--- Input ---
lemma agen_involution: "agen k ** agen k = mat 1"
  by (simp add: word_simps agen_def)

lemma a1'_involution: "a1' ** a1' = mat 1"
  by (simp add: word_simps a1'_def)

lemma act_agen_lcoset_Plain:
  assumes "k \<in> {1..5}"
  shows "act (agen k) (lcoset (Plain k)) = lcoset (Plain (k + 1))"
    and "\<forall>l\<in>{1..6} - {k, k + 1}. act (agen k) (lcoset (Plain l)) = lcoset (Plain l)"
proof -
  have k: "k \<in> {1, 2, 3, 4, 5}" using assms by auto
  then show "act (agen k) (lcoset (Plain k)) = lcoset (Plain (k + 1))"
    by (auto simp: beta_mult_agen[THEN act_lcoset_Plain_by_witness])
  have "{1..6} - {k, k + 1} \<subseteq> {1, 2, 3, 4, 5, 6} - {k, k + 1}" by auto
  with k show "\<forall>l\<in>{1..6} - {k, k + 1}. act (agen k) (lcoset (Plain l)) = lcoset (Plain l)"
    by (auto simp: beta_mult_agen[THEN act_lcoset_Plain_by_witness])
qed

lemma act_a1'_lcoset_Plain:
  shows "act a1' (lcoset (Plain 1)) = lcoset (Bar 2)"
    and "\<forall>l\<in>{1..6} - {1, 2}. act a1' (lcoset (Plain l)) = lcoset (Plain l)"
proof -
  show "act a1' (lcoset (Plain 1)) = lcoset (Bar 2)"
    using act_GL_rcoset[OF beta_mult_a1'(1)] by (simp add: lcoset_Plain lcoset_Bar)
  have "{1..6} - {1, 2} = {3, 4, 5, 6 :: nat}" by auto
  then show "\<forall>l\<in>{1..6} - {1, 2}. act a1' (lcoset (Plain l)) = lcoset (Plain l)"
    by (simp add: beta_mult_a1'(2-5)[THEN act_lcoset_Plain_by_witness] a1'_in_GL)
qed

theorem proposition4p5:
  shows "(\<forall>k\<in>{1..5::nat}.
            act (agen k) (lcoset (Plain k)) = lcoset (Plain (k+1)) \<and>
            act (agen k) (lcoset (Plain (k+1))) = lcoset (Plain k) \<and>
            act (agen k) (lcoset (Bar k)) = lcoset (Bar (k+1)) \<and>
            act (agen k) (lcoset (Bar (k+1))) = lcoset (Bar k) \<and>
            (\<forall>\<sigma>\<in>labels - {Plain k, Plain (k+1), Bar k, Bar (k+1)}.
                act (agen k) (lcoset \<sigma>) = lcoset \<sigma>))
       \<and> act a1' (lcoset (Plain 1)) = lcoset (Bar 2)
       \<and> act a1' (lcoset (Bar 2)) = lcoset (Plain 1)
       \<and> act a1' (lcoset (Bar 1)) = lcoset (Plain 2)
       \<and> act a1' (lcoset (Plain 2)) = lcoset (Bar 1)
       \<and> (\<forall>\<sigma>\<in>labels - {Plain 1, Bar 2, Bar 1, Plain 2}. act a1' (lcoset \<sigma>) = lcoset \<sigma>)"
proof (rule conjI[OF ballI], goal_cases)
  case (1 k)
  then have "k \<in> {1..6}" "k + 1 \<in> {1..6}" "Plain (k + 1) \<in> {Plain (k + 1), Bar (k + 1)}"
    by auto
  from act_lcoset_double_transposition[OF agen_involution this act_agen_lcoset_Plain[OF 1]]
  show ?case unfolding bar.simps .
next
  case 2
  have "1 \<in> {1..6::nat}" "2 \<in> {1..6::nat}" "Bar 2 \<in> {Plain 2, Bar 2}"
    by auto
  from act_lcoset_double_transposition[OF a1'_involution this act_a1'_lcoset_Plain]
  show ?case unfolding bar.simps .
qed

end
lemma s2_card_links:
  assumes "i \<in> H" "s2 P w A i"
  shows "n - t \<le> card {j\<in>H. link i j \<and> s1 P w A j} + nbad"
proof -
  have "{j\<in>H. u2 P w A i j} = {j\<in>H. link i j \<and> s1 P w A j}"
    using assms by (auto simp: u2_honest s2_imp_s1)
  then show ?thesis using assms(2) cnt_le_honest_plus_bad[of "u2 P w A i"] by (simp add: s2_def)
qed

definition agree_set :: "bool list \<Rightarrow> nat set" where
  "agree_set c = {x\<in>H. sym P c x = sym P (w x) x}"

lemma finite_agree_set: "finite (agree_set c)"
  unfolding agree_set_def using finite_honest by simp

lemma card_agree_set_Int:
  assumes "length c = lP P" "length d = lP P" "c \<noteq> d"
  shows "card (agree_set c \<inter> agree_set d) \<le> m"
  using assms by (rule sym_agree_card_le) (auto simp: agree_set_def honest_iff)

lemma s1_card_agree_set:
  assumes "i \<in> H" "s1 P w A i"
  shows "n - t \<le> card (agree_set (w i)) + nbad"
proof -
  have "{j\<in>H. link i j} \<subseteq> agree_set (w i)" by (auto simp: agree_set_def link_def)
  then have "card {j\<in>H. link i j} \<le> card (agree_set (w i))"
    by (rule card_mono[OF finite_agree_set])
  then show ?thesis using s1_card_links[OF assms] by linarith
qed

lemma s1_at_most_two_messages:
  assumes i: "i1 \<in> H" "i2 \<in> H" "i3 \<in> H"
    and s: "s1 P w A i1" "s1 P w A i2" "s1 P w A i3"
    and d: "w i1 \<noteq> w i2" "w i1 \<noteq> w i3" "w i2 \<noteq> w i3"
  shows False
proof -
  let ?D1 = "agree_set (w i1)" and ?D2 = "agree_set (w i2)" and ?D3 = "agree_set (w i3)"
  have "card ?D1 + card ?D2 + card ?D3
      \<le> card (?D1 \<union> ?D2 \<union> ?D3) + card (?D1 \<inter> ?D2) + card (?D1 \<inter> ?D3) + card (?D2 \<inter> ?D3)"
    by (intro card3_le_card_Un_Int finite_agree_set)
  moreover have "card (?D1 \<union> ?D2 \<union> ?D3) \<le> card H"
    using finite_honest by (intro card_mono) (auto simp: agree_set_def)
  moreover have "card (?D1 \<inter> ?D2) \<le> m" "card (?D1 \<inter> ?D3) \<le> m" "card (?D2 \<inter> ?D3) \<le> m"
    using card_agree_set_Int inputs i d by auto
  moreover have "n - t \<le> card ?D1 + nbad" "n - t \<le> card ?D2 + nbad" "n - t \<le> card ?D3 + nbad"
    using s1_card_agree_set i s by auto
  moreover have "5 * m \<le> t" by simp
  ultimately show False using card_honest n_bound bad_card by linarith
qed

definition core_set :: "bool list \<Rightarrow> bool list \<Rightarrow> nat set" where
  "core_set a b = {x\<in>H. s1 P w A x \<and> w x = a \<and> sym P a x \<noteq> sym P b x}"

lemma finite_core_set: "finite (core_set a b)"
  unfolding core_set_def using finite_honest by simp

lemma s2_card_core_set:
  assumes i: "i \<in> H" "s2 P w A i" and b: "length b = lP P" "w i \<noteq> b"
    and two: "\<And>j. j \<in> H \<Longrightarrow> s1 P w A j \<Longrightarrow> w j = w i \<or> w j = b"
  shows "n - t \<le> card (core_set (w i) b) + m + nbad"
proof -
  define Z where "Z = {x\<in>{1..n}. sym P (w i) x = sym P b x}"
  have "card Z \<le> m"
    unfolding Z_def by (rule sym_agree_card_le[OF inputs[OF i(1)] b]) auto
  have "{j\<in>H. link i j \<and> s1 P w A j} \<subseteq> core_set (w i) b \<union> Z"
  proof
    fix j assume j: "j \<in> {j\<in>H. link i j \<and> s1 P w A j}"
    then have "w j = w i \<or> w j = b" using two by blast
    then show "j \<in> core_set (w i) b \<union> Z"
      using j by (auto simp: core_set_def Z_def link_def honest_iff)
  qed
  then have "card {j\<in>H. link i j \<and> s1 P w A j} \<le> card (core_set (w i) b \<union> Z)"
    using finite_core_set by (intro card_mono) (auto simp: Z_def)
  also have "\<dots> \<le> card (core_set (w i) b) + card Z" by (rule card_Un_le)
  finally show ?thesis using s2_card_links[OF i] \<open>card Z \<le> m\<close> by linarith
qed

--- Work task ---
Using only the entries above, output the line with "then show ?thesis using s1_card_links[OF", the line with "by (intro card3_le_card_Un_Int", and all lines between them, exactly as they stand.

--- Exercise output ---
  then show ?thesis using s1_card_links[OF assms] by linarith
qed

lemma s1_at_most_two_messages:
  assumes i: "i1 \<in> H" "i2 \<in> H" "i3 \<in> H"
    and s: "s1 P w A i1" "s1 P w A i2" "s1 P w A i3"
    and d: "w i1 \<noteq> w i2" "w i1 \<noteq> w i3" "w i2 \<noteq> w i3"
  shows False
proof -
  let ?D1 = "agree_set (w i1)" and ?D2 = "agree_set (w i2)" and ?D3 = "agree_set (w i3)"
  have "card ?D1 + card ?D2 + card ?D3
      \<le> card (?D1 \<union> ?D2 \<union> ?D3) + card (?D1 \<inter> ?D2) + card (?D1 \<inter> ?D3) + card (?D2 \<inter> ?D3)"
    by (intro card3_le_card_Un_Int finite_agree_set)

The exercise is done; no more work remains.